3DSMAX / MAYA / SERIOUS RPG GAMES run like butter in a 400 deg oven.

Draakie

hutch-- · October 03, 2008, 11:33:52 PM

Having bothered to read the specs for the upcoming Intel quads, this stuff will continue to become more general purpose over time with better instructions, reduced task switching latency, better thread synchronisation and the like ..... The megabuck end of computing has much of this now and it is within the foreseeable future that synchronous parallel processing will become a reality just like asynchronous parallel computing became viable with 32 bit x86.

Interestingly enough memory speed increases and processor throughput have improved over the last few years even though the clock speeds have not gone up much so hardware is still getting faster.

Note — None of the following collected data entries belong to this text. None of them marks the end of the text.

(* Let $(X_1,Y_1),\dots,(X_{n+m},Y_{n+m})$ be exchangeable with $Y_i\in\mathbb{R}$, $s:\mathcal{X}\to[0,1]$ a fixed score, $c\in\mathbb{R}$, and binary risk $L_i=\mathbf{1}\{Y_i\le c\}$. For $\gamma>0$ let $E'_{\gamma,n+j}=E_{\gamma,n+j}(1)$, $j=1,\dots,m$, and let $\mathcal{S}'$ be the output of the e-BH procedure at level $\alpha\in(0,1)$ applied to $\{E'_{\gamma,n+j}\}_{j=1}^m$. Then (i) $\mathcal{S}'$ satisfies $\mathbb{E}\big[\sum_{j\in\mathcal{S}'}L_{n+j}/(1\vee|\mathcal{S}'|)\big]\le\alpha$; (ii) if $\gamma=\alpha$, then $\mathcal{S}'=\mathcal{S}^{\mathrm{CS}}$.
   Context: Let $\mathcal{M}=\{s(X_i)\}_{i=1}^{n+m}$; $\mathrm{FR}_{n+j}(t;\ell)=\frac{\ell\mathbf{1}\{s(X_{n+j})\le t\}+\sum_{i=1}^nL_i\mathbf{1}\{s(X_i)\le t\}}{1+\sum_{k\ne j}\mathbf{1}\{s(X_{n+k})\le t\}}\cdot\frac{m}{n+1}$; $t_{\gamma,n+j}(\ell)=\max\{t\in\mathcal{M}:\mathrm{FR}_{n+j}(t;\ell)\le\gamma\}$ ($\max\emptyset=-\infty$); $E_{\gamma,n+j}(\ell)=\frac{(n+1)\mathbf{1}\{s(X_{n+j})\le t_{\gamma,n+j}(\ell)\}}{\ell\mathbf{1}\{s(X_{n+j})\le t_{\gamma,n+j}(\ell)\}+\sum_{i=1}^nL_i\mathbf{1}\{s(X_i)\le t_{\gamma,n+j}(\ell)\}}$ (ratio $0$ if numerator $0$, $+\infty$ if numerator positive and denominator $0$). The e-BH procedure at level $\alpha$ on $E_1,\dots,E_m$: $\hat\tau=\max\{\tau\in\{1,\dots,m\}:\sum_j\mathbf{1}\{E_j\ge m/(\alpha\tau)\}\ge\tau\}$ ($0$ if empty), selecting $\{j:E_j\ge m/(\alpha\hat\tau)\}$ (empty if $\hat\tau=0$). $\mathcal{S}^{\mathrm{CS}}$ is the Benjamini–Hochberg output at level $\alpha$ on the conformal p-values $p_j=\frac{1+\sum_{i=1}^n\mathbf{1}\{V(X_i,Y_i)\le V(X_{n+j},c)\}}{n+1}$, $V(x,y)=\infty\cdot\mathbf{1}\{y>c\}+s(x)$ (with $\infty\cdot0=0$). *)

theory Defs
  imports "HOL-Probability.Probability"
begin

text \<open>Indices: calibration points are 1..n, test points are n+1..n+m.
  sc i = s(X_i) (scores), L i = risks.\<close>

definition FR :: "nat \<Rightarrow> nat \<Rightarrow> (nat \<Rightarrow> real) \<Rightarrow> (nat \<Rightarrow> real) \<Rightarrow> nat \<Rightarrow> real \<Rightarrow> real \<Rightarrow> real" where
  "FR n m sc L j t l =
     (l * of_bool (sc (n + j) \<le> t) + (\<Sum>i=1..n. L i * of_bool (sc i \<le> t)))
     / (1 + real (card {k \<in> {1..m}. k \<noteq> j \<and> sc (n + k) \<le> t}))
     * (real m / real (n + 1))"

definition tgam :: "nat \<Rightarrow> nat \<Rightarrow> (nat \<Rightarrow> real) \<Rightarrow> (nat \<Rightarrow> real) \<Rightarrow> real \<Rightarrow> nat \<Rightarrow> real \<Rightarrow> ereal" where
  "tgam n m sc L \<gamma> j l =
     (let A = {t \<in> sc ` {1..n+m}. FR n m sc L j t l \<le> \<gamma>}
      in if A = {} then -\<infinity> else ereal (Max A))"

definition Eval :: "nat \<Rightarrow> nat \<Rightarrow> (nat \<Rightarrow> real) \<Rightarrow> (nat \<Rightarrow> real) \<Rightarrow> real \<Rightarrow> nat \<Rightarrow> real \<Rightarrow> ereal" where
  "Eval n m sc L \<gamma> j l =
     (let T = tgam n m sc L \<gamma> j l;
          num = real (n + 1) * of_bool (ereal (sc (n + j)) \<le> T);
          den = l * of_bool (ereal (sc (n + j)) \<le> T)
                + (\<Sum>i=1..n. L i * of_bool (ereal (sc i) \<le> T))
      in if num = 0 then 0 else if den = 0 then \<infinity> else ereal (num / den))"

If all else fails there is still an excellent old solution for big tasks, have a fast network between computers and just delegate complete tasks off to another box, the granularity is terrible but for tasks that take minutes to hours you just dump it somewhere else and let it bash away at it while you are doing something else and you certainly do not suffer from core contention, memory saturation and so on.

sinsi · October 04, 2008, 06:36:37 AM

Real world test...had to copy 3 digital video tapes (90 minutes each) and burn to DVD.
Copied with movie maker via firewire (at last, found a use for the bloody thing, but had to enable it in the BIOS :redface:), burned with nero.
computer1: athlon 2600+ 2.13GHz, XP home sp3, 1.5GB memory
computer2: q6600 2.4GHz, XP home sp3, 2GB memory (my baby - with an 8800GT it effing flies)

computer1 took about 7 bloody hours to do it (crashed the first time with 70% done :bdg)
computer2 took about 2 hours

A well-written single program can work well, if the threads do totally different things and talk to each other minimally - not at all is best.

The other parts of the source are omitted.